# How to Implement a Custom OCR Engine in LiteParse Using the OcrEngine Trait

> Learn to implement a custom OCR engine in LiteParse using the OcrEngine trait. Inject your engine via LiteParse::with_ocr_engine() to easily override defaults and enhance document processing. Get started now.

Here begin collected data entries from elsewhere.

(* Let $(T_n, n\in\mathbb N^* )$ and $T$ be $\mathbb T$-valued random variables which almost surely belong to $\mathbb T_0\cup\mathbb T_1$. Then $(T_n)$ converges in distribution to $T$ (for the metric $d$) if and only if for every $\mathbf t\in\mathbb T_0$ and every $x\in\mathcal L_0(\mathbf t)$, \[ \lim_{n\to\infty}\mathbb P(T_n\in\mathbb T(\mathbf t,x))=\mathbb P(T\in\mathbb T(\mathbf t,x))\quad\text{and}\quad \lim_{n\to\infty}\mathbb P(T_n=\mathbf t)=\mathbb P(T=\mathbf t). \]
   Context: Let $\mathcal U=\bigcup_{n\ge0}(\mathbb N^* )^n$ be the set of finite sequences of positive integers (with $(\mathbb N^* )^0=\{\emptyset\}$); $|u|$ denotes the length of $u$ and $uv$ the concatenation. A tree is a subset $\mathbf t\subset\mathcal U$ with $\emptyset\in\mathbf t$, such that $uv\in\mathbf t$ implies $u\in\mathbf t$, and such that for every $u\in\mathbf t$ there is an integer $k_u(\mathbf t)\ge0$ with $ui\in\mathbf t\iff 1\le i\le k_u(\mathbf t)$ for $i\in\mathbb N^*$. The leaves are $\mathcal L_0(\mathbf t)=\{u\in\mathbf t:k_u(\mathbf t)=0\}$. $\mathbb T$ is the set of trees, $\mathbb T_0$ the set of finite trees. For a set $\mathbf s\subset\mathcal U$, $M(\mathbf s)$ is the longest $u\in\mathcal U$ which is a prefix (ancestor) of every element of $\mathbf s$; $\mathbb T_1=\{\mathbf t\in\mathbb T:\lim_{n\to\infty}|M(\{u\in\mathbf t:|u|=n\})|=+\infty\}$ is the set of trees with a unique infinite spine. For $h\in\mathbb N$, $r_h(\mathbf t)=\{u\in\mathbf t:|u|\le h\}$, and $\mathbb T$ carries the metric $d(\mathbf t,\mathbf t')=2^{-\max\{h\in\mathbb N:r_h(\mathbf t)=r_h(\mathbf t')\}}$ (with its Borel $\sigma$-field); convergence in distribution refers to this metric. For $\mathbf t\in\mathbb T$, $x\in\mathcal L_0(\mathbf t)$ and $\mathbf s\in\mathbb T$, the grafted tree is $\mathbf t\circledast(\mathbf s,x)=\mathbf t\cup\{xv:v\in\mathbf s\}$, and $\mathbb T(\mathbf t,x)=\{\mathbf t\circledast(\mathbf s,x):\mathbf s\in\mathbb T\}$. *)

theory Defs
  imports "HOL-Probability.Probability" "HOL-Library.Sublist"
begin

text \<open>Nodes: finite sequences of positive integers, represented as lists of naturals
  all of whose entries are at least 1.  Trees are sets of such nodes.\<close>

type_synonym node = "nat list"

definition is_tree :: "node set \<Rightarrow> bool" where
  "is_tree t \<longleftrightarrow>
     (\<forall>u\<in>t. \<forall>i\<in>set u. 1 \<le> i) \<and>
     [] \<in> t \<and>
     (\<forall>u v. u @ v \<in> t \<longrightarrow> u \<in> t) \<and>
     (\<forall>u\<in>t. \<exists>k::nat. \<forall>i::nat. 1 \<le> i \<longrightarrow> (u @ [i] \<in> t \<longleftrightarrow> i \<le> k))"

definition Trees :: "node set set" where
  "Trees = {t. is_tree t}"

definition Trees0 :: "node set set" where
  "Trees0 = {t \<in> Trees. finite t}"

definition leaves :: "node set \<Rightarrow> node set" where
  "leaves t = {u \<in> t. \<forall>i::nat. 1 \<le> i \<longrightarrow> u @ [i] \<notin> t}"

text \<open>Longest common prefix (ancestor) of a set of nodes (meaningful for nonempty sets).\<close>
definition M_pref :: "node set \<Rightarrow> node" where
  "M_pref s = (THE u. (\<forall>v\<in>s. prefix u v) \<and>
                       (\<forall>w. (\<forall>v\<in>s. prefix w v) \<longrightarrow> length w \<le> length u))"

definition level :: "node set \<Rightarrow> nat \<Rightarrow> node set" where
  "level t n = {u \<in> t. length u = n}"

definition Trees1 :: "node set set" where
  "Trees1 = {t \<in> Trees. (\<forall>n. level t n \<noteq> {}) \<and>
              filterlim (\<lambda>n. length (M_pref (level t n))) at_top sequentially}"

definition restr :: "nat \<Rightarrow> node set \<Rightarrow> node set" where
  "restr h t = {u \<in> t. length u \<le> h}"

definition tree_dist :: "node set \<Rightarrow> node set \<Rightarrow> real" where
  "tree_dist t t' = (if t = t' then 0
                     else (1/2) ^ (GREATEST h. restr h t = restr h t'))"

definition tree_open :: "node set set \<Rightarrow> bool" where
  "tree_open U \<longleftrightarrow> U \<subseteq> Trees \<and>
     (\<forall>t\<in>U. \<exists>e>0. \<forall>t'\<in>Trees. tree_dist t t' < e \<longrightarrow> t' \<in> U)"

definition tree_space :: "node set measure" where
  "tree_space = sigma Trees {U. tree_open U}"

definition tree_bounded_continuous :: "(node set \<Rightarrow> real) \<Rightarrow> bool" where
  "tree_bounded_continuous f \<longleftrightarrow>
     (\<exists>B. \<forall>t\<in>Trees. \<bar>f t\<bar> \<le> B) \<and>
     (\<forall>t\<in>Trees. \<forall>e>0. \<exists>\<delta>>0. \<forall>t'\<in>Trees. tree_dist t t' < \<delta> \<longrightarrow> \<bar>f t' - f t\<bar> < e)"

definition conv_distr :: "'a measure \<Rightarrow> (nat \<Rightarrow> 'a \<Rightarrow> node set) \<Rightarrow> ('a \<Rightarrow> node set) \<Rightarrow> bool" where
  "conv_distr P T X \<longleftrightarrow>
     (\<forall>f. tree_bounded_continuous f \<longrightarrow>
        (\<lambda>n. \<integral>\<omega>. f (T n \<omega>) \<partial>P) \<longlonglongrightarrow> (\<integral>\<omega>. f (X \<omega>) \<partial>P))"

definition graft :: "node set \<Rightarrow> node set \<Rightarrow> node \<Rightarrow> node set" where
  "graft t s x = t \<union> {x @ v | v. v \<in> s}"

- Repository: [LlamaIndex/liteparse](https://github.com/run-llama/liteparse)
- Tags: how-to-guide
- Published: 2026-05-31

---

**Implement the `OcrEngine` trait defined in [`crates/liteparse/src/ocr/mod.rs`](https://github.com/run-llama/liteparse/blob/main/crates/liteparse/src/ocr/mod.rs) by providing `name()` and `recognize()` methods, then inject your engine via `LiteParse::with_ocr_engine()` to override the default HTTP or Tesseract selection.**

LiteParse is a Rust document parsing library that abstracts optical character recognition behind the `OcrEngine` trait. This architecture enables you to integrate any OCR backend—from cloud APIs to on-device models—without modifying the core parsing logic. By implementing the trait and wiring it through [`crates/liteparse/src/parser.rs`](https://github.com/run-llama/liteparse/blob/main/crates/liteparse/src/parser.rs), you maintain full control over text recognition while leveraging LiteParse's document processing pipeline.

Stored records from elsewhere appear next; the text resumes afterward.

theorem q_binomial:
  fixes q x :: "'a::field"
  assumes "qpoch q q N \<noteq> 0"
  shows "(\<Sum>j\<le>N. qbinom q N j * ((-1) ^ j * q ^ (j choose 2) * x ^ j)) = qpoch x q N"
  using assms
proof (induction N)
  case 0
  then show ?case by (simp add: qbinom_def numeral_2_eq_2)
next
  case (Suc N)
  define t where "t j = (-1) ^ j * q ^ (j choose 2) * x ^ j" for j :: nat
  have t_Suc: "t (Suc j) = - x * q ^ j * t j" for j
    by (simp add: t_def choose_two_Suc power_add)
  have nz: "qpoch q q N \<noteq> 0"
    using qpoch_self_nonzero_mono[OF Suc.prems] by simp
  have IH: "(\<Sum>j\<le>N. qbinom q N j * t j) = qpoch x q N"
    using Suc.IH[OF nz] by (simp add: t_def)
  have "(\<Sum>j\<le>N. qbinom q N (Suc j) * t (Suc j)) = (\<Sum>j\<le>Suc N. qbinom q N j * t j) - t 0"
    by (subst sum.atMost_Suc_shift) (simp add: qbinom_0_right[OF nz])
  also have "\<dots> = qpoch x q N - t 0"
    by (simp add: IH qbinom_eq_0)
  finally have shifted: "(\<Sum>j\<le>N. qbinom q N (Suc j) * t (Suc j)) = qpoch x q N - t 0" .
  have "(\<Sum>j\<le>N. q ^ (N - j) * qbinom q N j * t (Suc j)) = (\<Sum>j\<le>N. - x * q ^ N * (qbinom q N j * t j))"
  proof (rule sum.cong[OF refl])
    fix j assume "j \<in> {..N}"
    then have "q ^ (N - j) * q ^ j = q ^ N" by (simp flip: power_add)
    then show "q ^ (N - j) * qbinom q N j * t (Suc j) = - x * q ^ N * (qbinom q N j * t j)"
      by (simp add: t_Suc algebra_simps)
  qed
  also have "\<dots> = - x * q ^ N * qpoch x q N"
    by (simp only: IH flip: sum_distrib_left)
  finally have lowered: "(\<Sum>j\<le>N. q ^ (N - j) * qbinom q N j * t (Suc j)) = - x * q ^ N * qpoch x q N" .
  have "(\<Sum>j\<le>Suc N. qbinom q (Suc N) j * t j)
      = t 0 + (\<Sum>j\<le>N. qbinom q N (Suc j) * t (Suc j)) + (\<Sum>j\<le>N. q ^ (N - j) * qbinom q N j * t (Suc j))"
    by (subst sum.atMost_Suc_shift)
      (simp add: qbinom_0_right[OF Suc.prems] qbinom_Suc_Suc[OF Suc.prems] distrib_right sum.distrib)
  also have "\<dots> = qpoch x q (Suc N)"
    unfolding shifted lowered by (simp add: qpoch_Suc algebra_simps)
  finally show ?case by (simp add: t_def)
qed

lemma q_binomial_root:
  fixes q x :: "'a::field"
  assumes nz: "qpoch q q N \<noteq> 0" and root: "q ^ n * x = 1" and "n < N"
  shows "(\<Sum>j\<le>N. (-1) ^ j * q ^ (j choose 2) * x ^ j / (qpoch q q j * qpoch q q (N - j))) = 0"
proof -
  have "qpoch x q N = 0"
    unfolding qpoch_def using root \<open>n < N\<close> by (intro prod_zero bexI[of _ n]) (simp_all add: mult.commute)
  moreover have "(\<Sum>j\<le>N. qbinom q N j * ((-1) ^ j * q ^ (j choose 2) * x ^ j))
      = qpoch q q N * (\<Sum>j\<le>N. (-1) ^ j * q ^ (j choose 2) * x ^ j / (qpoch q q j * qpoch q q (N - j)))"
    by (simp add: qbinom_def sum_distrib_left)
  ultimately show ?thesis
    using q_binomial[OF nz, of x] nz by simp
qed

definition alt_term :: "'a::field \<Rightarrow> nat \<Rightarrow> nat \<Rightarrow> nat \<Rightarrow> 'a" where
  "alt_term q a b k = (-1) ^ k * q ^ (k choose 2) / (qpoch q q (a - k) * qpoch q q (b + k))"

text \<open>Since \<open>(q;q)_k (q^k;q)_(b+1) = (1-q^k) (q;q)_(b+k)\<close>, \<open>qsum q n m\<close> is the first sum of the theorem.\<close>
definition qsum :: "'a::field \<Rightarrow> nat \<Rightarrow> nat \<Rightarrow> 'a" where
  "qsum q a b = (\<Sum>k=1..a. alt_term q a b k * (q ^ k / (1 - q ^ k)))"

definition lambert_sum :: "'a::field \<Rightarrow> nat \<Rightarrow> 'a" where
  "lambert_sum q n = (\<Sum>k=1..n. q ^ k / (1 - q ^ k))"

lemma qsum_0_left [simp]: "qsum q 0 b = 0"
  by (simp add: qsum_def)

lemma lambert_sum_0 [simp]: "lambert_sum q 0 = 0"
  by (simp add: lambert_sum_def)

lemma lambert_sum_Suc: "lambert_sum q (Suc n) = lambert_sum q n + q ^ Suc n / (1 - q ^ Suc n)"
  by (simp add: lambert_sum_def)

lemma alt_term_Suc_left:
  fixes q :: "'a::field"
  assumes "k \<le> a" "q ^ Suc (a - k) \<noteq> 1"
  shows "alt_term q (Suc a) b k * (1 - q ^ Suc (a - k)) = alt_term q a b k"
proof -
  have "Suc a - k = Suc (a - k)" using assms(1) by simp
  moreover have "1 - q ^ Suc (a - k) \<noteq> 0" using assms(2) by simp
  ultimately show ?thesis by (simp add: alt_term_def qpoch_self_Suc)
qed

lemma alt_term_Suc_right:
  fixes q :: "'a::field"
  assumes "q ^ Suc (b + k) \<noteq> 1"
  shows "alt_term q a (Suc b) k * (1 - q ^ Suc (b + k)) = alt_term q a b k"
proof -
  have "1 - q ^ Suc (b + k) \<noteq> 0" using assms by simp
  then show ?thesis by (simp add: alt_term_def qpoch_self_Suc)
qed

lemma qsum_Suc_left:
  fixes q :: "'a::field"
  assumes nz: "qpoch q q (Suc a) \<noteq> 0"
  shows "(1 - q ^ Suc a) * qsum q (Suc a) b - q ^ Suc a * (\<Sum>k=1..Suc a. alt_term q (Suc a) b k)
    = qsum q a b"
proof -
  let ?T = "alt_term q (Suc a) b"
  have summand: "(1 - q ^ Suc a) * (?T k * (q ^ k / (1 - q ^ k))) - q ^ Suc a * ?T k
      = (if k \<le> a then alt_term q a b k * (q ^ k / (1 - q ^ k)) else 0)"
    if k: "k \<in> {1..Suc a}" for k
  proof -
    define u v where "u = q ^ k" and "v = q ^ Suc (a - k)"
    have u: "1 - u \<noteq> 0"
      using k power_neq_1_if_qpoch_self_nonzero[OF nz, of k] by (simp add: u_def)
    show ?thesis
    proof (cases "k \<le> a")
      case True
      have v: "v \<noteq> 1"
        using True power_neq_1_if_qpoch_self_nonzero[OF nz, of "Suc (a - k)"] by (simp add: v_def)
      have uv: "q ^ Suc a = u * v"
        using True by (simp add: u_def v_def flip: power_add)
      have "(1 - q ^ Suc a) * (?T k * (u / (1 - u))) - q ^ Suc a * ?T k
          = ?T k * (1 - v) * (u / (1 - u))"
        unfolding uv using u by (simp add: divide_simps) (simp add: algebra_simps)
      then show ?thesis
        using True alt_term_Suc_left[OF True v[unfolded v_def]] by (simp add: u_def v_def)
    next
      case False
      then have "k = Suc a" using k by simp
      with u show ?thesis by (simp add: u_def)
    qed
  qed
  have "(1 - q ^ Suc a) * qsum q (Suc a) b - q ^ Suc a * (\<Sum>k=1..Suc a. ?T k)
      = (\<Sum>k=1..Suc a. (1 - q ^ Suc a) * (?T k * (q ^ k / (1 - q ^ k))) - q ^ Suc a * ?T k)"
    by (simp only: qsum_def sum_distrib_left sum_subtractf)
  also have "\<dots> = (\<Sum>k=1..Suc a. if k \<le> a then alt_term q a b k * (q ^ k / (1 - q ^ k)) else 0)"
    by (rule sum.cong[OF refl]) (fact summand)
  also have "\<dots> = qsum q a b"
    by (simp add: qsum_def)
  finally show ?thesis .
qed

lemma qsum_Suc_right:
  fixes q :: "'a::field"
  assumes nz: "qpoch q q (a + Suc b) \<noteq> 0"
  shows "(1 - q ^ Suc b) * qsum q a (Suc b) + q ^ Suc b * (\<Sum>k=1..a. alt_term q a (Suc b) k * q ^ k)
    = qsum q a b"
proof -
  let ?T = "alt_term q a (Suc b)"
  have summand: "(1 - q ^ Suc b) * (?T k * (q ^ k / (1 - q ^ k))) + q ^ Suc b * (?T k * q ^ k)
      = alt_term q a b k * (q ^ k / (1 - q ^ k))"
    if k: "k \<in> {1..a}" for k
  proof -
    define u s where "u = q ^ k" and "s = q ^ Suc b"
    have u: "1 - u \<noteq> 0"
      using k power_neq_1_if_qpoch_self_nonzero[OF nz, of k] by (simp add: u_def)
    have su: "s * u = q ^ Suc (b + k)"
      by (simp add: u_def s_def power_add)
    have su1: "q ^ Suc (b + k) \<noteq> 1"
      using k power_neq_1_if_qpoch_self_nonzero[OF nz, of "Suc (b + k)"] by simp
    have "(1 - s) * (?T k * (u / (1 - u))) + s * (?T k * u) = ?T k * (1 - s * u) * (u / (1 - u))"
      using u by (simp add: divide_simps) (simp add: algebra_simps)
    also have "\<dots> = alt_term q a b k * (u / (1 - u))"
      using alt_term_Suc_right[OF su1] by (simp only: su)
    finally show ?thesis by (simp only: u_def s_def)
  qed
  have "(1 - q ^ Suc b) * qsum q a (Suc b) + q ^ Suc b * (\<Sum>k=1..a. ?T k * q ^ k)
      = (\<Sum>k=1..a. (1 - q ^ Suc b) * (?T k * (q ^ k / (1 - q ^ k))) + q ^ Suc b * (?T k * q ^ k))"
    by (simp only: qsum_def sum_distrib_left sum.distrib)
  also have "\<dots> = qsum q a b"
    unfolding qsum_def by (rule sum.cong[OF refl]) (fact summand)
  finally show ?thesis .
qed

## Understanding the OcrEngine Trait Interface

The `OcrEngine` trait is defined in **[`crates/liteparse/src/ocr/mod.rs`](https://github.com/run-llama/liteparse/blob/main/crates/liteparse/src/ocr/mod.rs)**. It abstracts OCR operations behind a generic interface that works across both native targets and WebAssembly.

On native targets (`#[cfg(not(target_arch = "wasm32"))]`), the trait requires `Send + Sync` bounds so the async runtime can move the engine across threads. On WebAssembly, the trait retains `Send + Sync` requirements, but the returned future does not need to be `Send` because the runtime is single-threaded.

The complete trait definition requires implementing two methods:

```rust
// src/ocr/mod.rs
pub trait OcrEngine: Send + Sync {
    fn name(&self) -> &str;
    
    fn recognize<'a, 'b: 'a, 'c: 'a>(
        &'a self,
        image_data: &'c [u8],
        width: u32,
        height: u32,
        options: &'b OcrOptions,
    ) -> Pin<
        Box<
            dyn Future<
                Output = Result<Vec<OcrResult>, Box<dyn std::error::Error + Send + Sync>>
            > + Send + '_,
        >,
    >;
}

```

The `recognize()` method receives raw image bytes (typically PNG), dimensions, and `OcrOptions`, returning a future that resolves to a vector of `OcrResult` structs containing text, bounding boxes, and confidence scores.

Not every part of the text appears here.